Do you have any interest in a white motherfucker guest contributor?

White Motherfucker

What kind of white conspiracy shit is this?

Oh I get it, you're on that 'reverse racism' tip where you try to find hypocrisy in how black folks act and are treated right? "Hey, if THEY can do it, why can't WE?" Fuck all that noise. Look here nigga, ya'll fucked up a few hundred years ago, and I ain't give a fuck about no 40 acres and a mule bullshit. What the fuck would I do with that? You can't put Sprewell's on no damn mule.
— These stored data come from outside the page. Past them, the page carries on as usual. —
text \<open>The factorisation f(\<theta>(a) j) f(j0) = f(j) f(\<theta>(a) j0) is where \<theta>(A) must commute
  with I.\<close>

lemma mult_linear_on_ideal_induced:
  fixes f :: "'b::ring \<Rightarrow> complex" and \<theta> :: "'a::ring \<Rightarrow> 'b"
  assumes f: "mult_linear_on I (+) smB (*) f" and j0: "j0 \<in> I" "f j0 \<noteq> 0"
    and ideal: "\<And>b j. j \<in> I \<Longrightarrow> b * j \<in> I"
    and central: "\<And>a j. j \<in> I \<Longrightarrow> \<theta> a * j = j * \<theta> a"
    and \<theta>_add: "\<And>x y. \<theta> (x + y) = \<theta> x + \<theta> y"
    and \<theta>_smul: "\<And>c x. \<theta> (smA c x) = smB c (\<theta> x)"
    and \<theta>_mult: "\<And>x y. \<theta> (x * y) = \<theta> x * \<theta> y"
    and smB_mult: "\<And>c x y. smB c (x * y) = smB c x * y"
  defines "g a \<equiv> f (\<theta> a * j0) / f j0"
  shows "mult_linear_on UNIV (+) smA (*) g" and "\<And>a j. j \<in> I \<Longrightarrow> f (\<theta> a * j) = g a * f j"
proof -
  have f_add: "\<And>x y. x \<in> I \<Longrightarrow> y \<in> I \<Longrightarrow> f (x + y) = f x + f y"
    and f_smul: "\<And>c x. x \<in> I \<Longrightarrow> f (smB c x) = c * f x"
    and f_mult: "\<And>x y. x \<in> I \<Longrightarrow> y \<in> I \<Longrightarrow> f (x * y) = f x * f y"
    using f unfolding mult_linear_on_def by auto
  show factor: "f (\<theta> a * j) = g a * f j" if j: "j \<in> I" for a j
  proof -
    have "f (\<theta> a * j) * f j0 = f (\<theta> a * j * j0)" using f_mult ideal j j0 by simp
    also have "\<theta> a * j * j0 = j * (\<theta> a * j0)" using central[OF j] by (simp add: mult.assoc)
    also have "f \<dots> = f j * f (\<theta> a * j0)" using f_mult ideal j j0 by simp
    finally show ?thesis using j0(2) unfolding g_def by (simp add: field_simps)
  qed
  have "g (x * y) = g x * g y" for x y
    using factor[OF ideal[OF j0(1)], of x "\<theta> y"]
    unfolding g_def \<theta>_mult by (simp add: mult.assoc)
  then show "mult_linear_on UNIV (+) smA (*) g"
    unfolding mult_linear_on_def g_def
    using f_add f_smul ideal j0(1)
    by (simp add: \<theta>_add \<theta>_smul smB_mult[symmetric] distrib_right add_divide_distrib)
qed

lemma mult_linear_on_amal_sum:
  fixes f :: "'b::ring \<Rightarrow> complex" and \<theta> :: "'a::ring \<Rightarrow> 'b"
  assumes g: "mult_linear_on UNIV (+) smA (*) g" and f: "mult_linear_on I (+) smB (*) f"
    and factor: "\<And>a j. j \<in> I \<Longrightarrow> f (\<theta> a * j) = g a * f j"
    and central: "\<And>a j. j \<in> I \<Longrightarrow> \<theta> a * j = j * \<theta> a"
    and ideal_add: "\<And>x y. x \<in> I \<Longrightarrow> y \<in> I \<Longrightarrow> x + y \<in> I"
    and ideal: "\<And>b j. j \<in> I \<Longrightarrow> b * j \<in> I \<and> j * b \<in> I"
  shows "mult_linear_on (UNIV \<times> I) amal_add (amal_smul smA smB) (amal_mult \<theta>)
           (\<lambda>p. g (fst p) + f (snd p))"
proof -
  have f_add: "\<And>x y. x \<in> I \<Longrightarrow> y \<in> I \<Longrightarrow> f (x + y) = f x + f y"
    and f_mult: "\<And>x y. x \<in> I \<Longrightarrow> y \<in> I \<Longrightarrow> f (x * y) = f x * f y"
    using f unfolding mult_linear_on_def by auto
  have "g (a1 * a2) + f (\<theta> a1 * i2 + i1 * \<theta> a2 + i1 * i2) = (g a1 + f i1) * (g a2 + f i2)"
    if "i1 \<in> I" "i2 \<in> I" for a1 a2 i1 i2
  proof -
    have "f (\<theta> a1 * i2 + i1 * \<theta> a2 + i1 * i2)
        = f (\<theta> a1 * i2) + f (\<theta> a2 * i1) + f (i1 * i2)"
      using that f_add ideal ideal_add central by simp
    then show ?thesis
      using that g factor f_mult unfolding mult_linear_on_def by (simp add: algebra_simps)
  qed
  then show ?thesis
    using g f unfolding mult_linear_on_def amal_add_def amal_smul_def amal_mult_def
    by (auto simp: distrib_left)
qed

lemma amal_commutative_central:
  fixes \<theta> :: "'a::ring \<Rightarrow> 'b::ring"
  assumes "\<forall>p\<in>UNIV \<times> I. \<forall>q\<in>UNIV \<times> I. amal_mult \<theta> p q = amal_mult \<theta> q p"
    and "0 \<in> I" and "j \<in> I"
  shows "\<theta> a * j = j * \<theta> a"
  using assms(1)[rule_format, of "(a, 0)" "(0, j)"] assms(2,3)
  unfolding amal_mult_def by simp

lemma rad_on_amal_fst:
  assumes "(a, i) \<in> rad_on (UNIV \<times> I) amal_add (amal_smul smA smB) (amal_mult \<theta>)"
  shows "a \<in> rad_on UNIV (+) smA (*)"
  using rad_on_mult_linear_zero[OF assms mult_linear_on_amal_fst] by (simp add: mem_rad_on_iff)

lemma rad_on_amal_snd:
  fixes \<theta> :: "'a::ring \<Rightarrow> 'b::ring"
  assumes central: "\<And>a j. j \<in> I \<Longrightarrow> \<theta> a * j = j * \<theta> a"
    and I_add: "\<And>x y. x \<in> I \<Longrightarrow> y \<in> I \<Longrightarrow> x + y \<in> I"
    and I_ideal: "\<And>b j. j \<in> I \<Longrightarrow> b * j \<in> I \<and> j * b \<in> I"
    and \<theta>_add: "\<And>x y. \<theta> (x + y) = \<theta> x + \<theta> y"
    and \<theta>_smul: "\<And>c x. \<theta> (smA c x) = smB c (\<theta> x)"
    and \<theta>_mult: "\<And>x y. \<theta> (x * y) = \<theta> x * \<theta> y"
    and smB_mult: "\<And>c x y. smB c (x * y) = smB c x * y"
    and rad: "(a, i) \<in> rad_on (UNIV \<times> I) amal_add (amal_smul smA smB) (amal_mult \<theta>)"
  shows "i \<in> rad_on I (+) smB (*)"
proof -
  have "f i = 0" if f: "mult_linear_on I (+) smB (*) f" and j0: "j0 \<in> I" "f j0 \<noteq> 0" for f j0
  proof -
    let ?g = "\<lambda>a. f (\<theta> a * j0) / f j0"
    have g: "mult_linear_on UNIV (+) smA (*) ?g"
      and factor: "\<And>a j. j \<in> I \<Longrightarrow> f (\<theta> a * j) = ?g a * f j"
      using mult_linear_on_ideal_induced[OF f j0 _ central \<theta>_add \<theta>_smul \<theta>_mult smB_mult]
        I_ideal by blast+
    have "?g a + f i = 0"
      using rad_on_mult_linear_zero[OF rad mult_linear_on_amal_sum[OF g f factor central I_add I_ideal]]
      by simp
    moreover have "?g a = 0" using rad_on_mult_linear_zero[OF rad_on_amal_fst[OF rad] g] by simp
    ultimately show ?thesis by simp
  qed
  moreover have "i \<in> I" using rad by (simp add: mem_rad_on_iff)
  ultimately show ?thesis unfolding rad_on_def is_character_iff_mult_linear_on by blast
qed

lemma rad_on_amal_pair:
  fixes \<theta> :: "'a::ring \<Rightarrow> 'b::ring"
  assumes I_0: "0 \<in> I" and smA_0: "\<And>c. smA c 0 = 0" and smB_0: "\<And>c. smB c 0 = 0"
    and \<theta>_0: "\<theta> 0 = 0"
    and a_rad: "a \<in> rad_on UNIV (+) smA (*)" and i_rad: "i \<in> rad_on I (+) smB (*)"
  shows "(a, i) \<in> rad_on (UNIV \<times> I) amal_add (amal_smul smA smB) (amal_mult \<theta>)"
proof -
  have i: "i \<in> I" using i_rad by (simp add: mem_rad_on_iff)
  have "h (a, i) = 0"
    if h: "mult_linear_on (UNIV \<times> I) amal_add (amal_smul smA smB) (amal_mult \<theta>) h" for h
  proof -
    have "h (a, i) = h (amal_add (a, 0) (0, i))" by (simp add: amal_add_def)
    also have "\<dots> = h (a, 0) + h (0, i)"
      using h I_0 i unfolding mult_linear_on_def by blast
    also have "\<dots> = 0"
      using rad_on_mult_linear_zero[OF a_rad mult_linear_on_amal_left[OF h I_0 smB_0]]
        rad_on_mult_linear_zero[OF i_rad mult_linear_on_amal_right[OF h smA_0 \<theta>_0]] by simp
    finally show ?thesis .
  qed
  then show ?thesis using i by (simp add: mem_rad_on_iff)
qed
Still though, we are entitled to a small amount of them reparations by being able to say and do shit that you white motherfuckers can't, and I ain't even talking about no "only we can say nigga" type shit; Kramer already fucked that up for you motherfuckers. I'm talking about more important shit, like hitting you up on this motherfucking site with that hot tech shit without some bitch made white boss over our shoulders.

So I'll make a deal with your hostile take over plotting ass. You can ride with Nigga Know as soon as it's safe for me and the rest of the staff to drive through your neighbourhood without some Fat Nick type dude blasting a nigga's head open, nahmean?

fat nick can't get down with nigga know because he making niggas get down with sporting goods, ya heard?